Well, it's not exactly the same check - one check is for egress port,
the other is for ingress port, but we certainly can live with checking
only one of the two ports.

>>>> +			/*
>>>> +			 * There is some sort of problem in the subnet object!
>>>> +			 * If this isn't a switch, we should have reached
>>>> +			 * the destination by now!
>>>> +			 */
>>>> +			osm_log(p_rcv->p_log, OSM_LOG_ERROR,
>>>> +				"__osm_pr_rcv_get_path_parms: ERR 1F04: "
>>>> +				"Internal error, bad path\n");
>>>> +			status = IB_ERROR;
>>>> +			goto Exit;
>>>> +		}
>>>> +
>>>>  		p_pi = &p_physp->port_info;
>>>>
>>>> -		if (mtu > ib_port_info_get_mtu_cap(p_pi)) {
>>>> +		if (mtu > ib_port_info_get_mtu_cap(p_pi))
>>>>  			mtu = ib_port_info_get_mtu_cap(p_pi);
>>>> -			if (osm_log_is_active(p_rcv->p_log, OSM_LOG_DEBUG))
>>>> -				osm_log(p_rcv->p_log, OSM_LOG_DEBUG,
>>>> -					"__osm_pr_rcv_get_path_parms: "
>>>> -					"New smallest MTU = %u at intervening port 0x%016"
>>>> -					PRIx64 " port num 0x%X\n", mtu,
>>>> -					cl_ntoh64(osm_physp_get_port_guid
>>>> -						  (p_physp)),
>>>> -					osm_physp_get_port_num(p_physp));
>>>> -		}
>>>>
>>>> -		if (rate > ib_port_info_compute_rate(p_pi)) {
>>>> +		if (rate > ib_port_info_compute_rate(p_pi))
>>>>  			rate = ib_port_info_compute_rate(p_pi);
>>>> -			if (osm_log_is_active(p_rcv->p_log, OSM_LOG_DEBUG))
>>>> -				osm_log(p_rcv->p_log, OSM_LOG_DEBUG,
>>>> -					"__osm_pr_rcv_get_path_parms: "
>>>> -					"New smallest rate = %u at intervening port 0x%016"

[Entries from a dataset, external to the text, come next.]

(* Suppose $\Sigma$ is of type-H. Let $\xi$ be any measure, and let $\lambda,\lambda_1,\lambda_2\in\mathbb R$. Define $q_\xi^*=c_{\xi00}-(c_{\xi01},c_{\xi02})\,Q_\xi^+\,(c_{\xi10},c_{\xi20})'$ and, with $\ell_\lambda=(1,\lambda,\lambda)'$, $\ell_2=(0,1,1)'$, $q_{\xi,2}^*=\ell_\lambda'V_\xi\ell_\lambda-(\ell_\lambda'V_\xi\ell_2)^2(\ell_2'V_\xi\ell_2)^+$. Then $q_{\xi,2}^*=q_\xi^*$. Moreover, if $1+2\lambda\ne0$ and $1+\lambda_1+\lambda_2\ne0$, define, with $\ell_3=(2,-1,-1)'$, $q_{\xi,3}^*=\ell_\lambda'V_\xi\ell_\lambda-(\ell_\lambda'V_\xi\ell_3)^2(\ell_3'V_\xi\ell_3)^+$, and with $\ell=(1,\lambda_1,\lambda_2)'$, $\ell_0=(-1,1+\lambda_2,-\lambda_2)'$, $\ell_1=(-1,-\lambda_1,1+\lambda_1)'$, $L_0=(\ell_0,\ell_1)$, $q_{\xi,1}^*=\ell'V_\xi\ell-\ell'V_\xi L_0(L_0'V_\xi L_0)^+L_0'V_\xi\ell$. Then $(1+2\lambda)^{-2}q_{\xi,3}^*=(1+\lambda_1+\lambda_2)^{-2}q_{\xi,1}^*$.
   Context: Fix integers $k\ge 2$ and $t\ge 2$. Let $\mathcal S$ be the set of all $t^k$ sequences $s=(t_1,\dots,t_k)$ with entries $t_j\in\{1,\dots,t\}$. For $s\in\mathcal S$ let $T_s$ be the $k\times t$ matrix with $(j,i)$ entry equal to $1$ if $t_j=i$ and $0$ otherwise; let $H$ be the $k\times k$ matrix with $(i,j)$ entry $1$ if $i\equiv j+1\pmod k$ and $0$ otherwise; put $L_s=HT_s$, $R_s=H'T_s$ (a prime denotes transpose). Let $\Sigma$ be a fixed $k\times k$ positive definite matrix, $1_k$ the all-ones vector, and $\tilde B=\Sigma^{-1}-\Sigma^{-1}1_k1_k'\Sigma^{-1}/(1_k'\Sigma^{-1}1_k)$. With $G_0=T_s,G_1=L_s,G_2=R_s$ define for $0\le i,j\le 2$ the $t\times t$ matrices $C_{sij}=G_i'\tilde BG_j$. A measure is a vector $\xi=(p_s)_{s\in\mathcal S}$ with $p_s\ge0$, $\sum_sp_s=1$. Put $C_{\xi ij}=\sum_sp_sC_{sij}$, $c_{\xi ij}=\operatorname{tr}(C_{\xi ij})$, $V_\xi=(c_{\xi ij})_{0\le i,j\le2}$, $Q_\xi=(c_{\xi ij})_{1\le i,j\le2}$. $M^+$ denotes the Moore–Penrose inverse (for a scalar $a$, $a^+=1/a$ if $a\ne0$ and $0^+=0$). The matrix $\Sigma$ is of type-H if $\Sigma=I_k+\eta1_k'+1_k\eta'$ for some $\eta\in\mathbb R^k$ (and is positive definite). *)

theory Defs
  imports "Jordan_Normal_Form.Matrix"
begin

definition mtrace :: "real mat \<Rightarrow> real" where
  "mtrace A = (\<Sum>i<dim_row A. A $$ (i, i))"

definition minv :: "real mat \<Rightarrow> real mat" where
  "minv A = (THE X. X \<in> carrier_mat (dim_row A) (dim_row A) \<and>
                    A * X = 1\<^sub>m (dim_row A) \<and> X * A = 1\<^sub>m (dim_row A))"

definition mp_inv :: "real mat \<Rightarrow> real mat" where
  "mp_inv A = (THE X. X \<in> carrier_mat (dim_col A) (dim_row A) \<and>
       A * X * A = A \<and> X * A * X = X \<and>
       transpose_mat (A * X) = A * X \<and> transpose_mat (X * A) = X * A)"

definition sc_pinv :: "real \<Rightarrow> real" where
  "sc_pinv a = (if a \<noteq> 0 then 1 / a else 0)"

definition pos_def_mat :: "nat \<Rightarrow> real mat \<Rightarrow> bool" where
  "pos_def_mat k S \<longleftrightarrow> S \<in> carrier_mat k k \<and> transpose_mat S = S \<and>
     (\<forall>x \<in> carrier_vec k. x \<noteq> 0\<^sub>v k \<longrightarrow> x \<bullet> (S *\<^sub>v x) > 0)"

definition type_H :: "nat \<Rightarrow> real mat \<Rightarrow> bool" where
  "type_H k S \<longleftrightarrow> pos_def_mat k S \<and>
     (\<exists>eta \<in> carrier_vec k. S = 1\<^sub>m k + mat k k (\<lambda>(i, j). eta $ i) + mat k k (\<lambda>(i, j). eta $ j))"
(* Let $i\in\{1,2,3\}$ and let $v:(t_0,t_1)\times\mathbb T^3\to\mathbb R^3$, together with $L$, be a (sufficiently regular) solution of the system \[ \begin{aligned} \partial_t v^i&=-\frac{\alpha(1-3K)}{t}v^i - \frac{K}{1+K}t^{-\alpha}(1-|v|^2)\partial_i L-t^{-\alpha}v^j\partial_j v^i +t^{-\alpha}\Big(1-\frac{1-K}{1-K|v|^2}\Big)v^i\partial_j v^j\\ &\quad+t^{-\alpha}\frac{1-K}{1+K}\Big(1-\frac{1-K}{1-K|v|^2}\Big)v^i v^j\partial_j L +\frac{\alpha(1-3K)}{t}\frac{1-K}{1-K|v|^2}|v|^2 v^i,\\ \partial_tL&=-t^{-\alpha}\frac{1+K}{1-K|v|^2}\partial_j v^j-t^{-\alpha}\frac{1-K}{1-K|v|^2} v^j\partial_j L+\frac{\alpha(1+K)}{t}\frac{1-3K}{1-K|v|^2}|v|^2 . \end{aligned} \] Then the mean velocity $\overline v^i(t)=\int_{\mathbb T^3}v^i(t,x)\,d^3x$ satisfies \[ \partial_t\overline v^i=-\frac{\alpha(1-3K)}{t}\overline v^i+g^i(t), \] where \[ |g(t)|\leq C\frac{1+t^{1-\alpha}}{t}\, p\big(\overline v^j,\|D v\|_{H^1},\|D v\|_{L^{\infty}},\|D L\|_{L^2}\big) \] for a constant $C$ and a polynomial $p$ all of whose terms have degree at least two (i.e.\ vanishing zeroth and first order parts).
   Context: Standing assumptions: $\alpha>0$ and $0\le K\le 1/3$ are constants, $t>1$, and $|v|<1/10$. $\mathbb T^3$ is the standard flat 3-torus, indices are raised/lowered with $\delta$, repeated indices summed, $|v|^2=\delta_{ij}v^iv^j$. $D$ denotes the spatial gradient and $\|f\|_{H^r}^2=\sum_{n=0}^r\int_{\mathbb T^3}|D^nf|^2$. The system is the relativistic Euler equations with $p=K\rho$ on the metric $-dt^2+t^{2\alpha}\delta$ written in variables $v^i=t^\alpha u^i/\sqrt{1+t^{2\alpha}|u|^2}$, $L=\log(t^{3\alpha(1+K)}\rho)$. *)

theory Defs
  imports "HOL-Analysis.Analysis"
begin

>>>> -					PRIx64 " port num 0x%X\n", rate,
>>>> -					cl_ntoh64(osm_physp_get_port_guid
>>>> -						  (p_physp)),
>>>> -					osm_physp_get_port_num(p_physp));
>>>> -		}
>>>>
>>>> +		if (!p_rcv->p_subn->opt.no_qos) {
>>>> +			/*
>>>> +			 * Check SL2VL table of the switch and update valid SLs
>>>> +			 */
>>>> +			p_slvl_tbl = osm_physp_get_slvl_tbl(p_physp, in_port_num);
>>>> +			for (i = 0; i < IB_MAX_NUM_VLS; i++) {
>>>> +				if (valid_sls[i]) {
>>>> +					vl = ib_slvl_table_get(p_slvl_tbl, i);
>>>> +					if (vl == IB_DROP_VL)
>>>> +						valid_sls[i] = FALSE;
>>>> +				}
>>>> +			}
>>>> +		}
>>>>  	}
>>>>
>>>>  	/*
>>>> @@ -442,30 +471,104 @@ __osm_pr_rcv_get_path_parms(IN osm_pr_rcv_t * const 
>>>> p_rcv,
>>>>  	 */
>>>>  	p_pi = &p_physp->port_info;
>>>>
>>>> -	if (mtu > ib_port_info_get_mtu_cap(p_pi)) {
>>>> +	if (mtu > ib_port_info_get_mtu_cap(p_pi))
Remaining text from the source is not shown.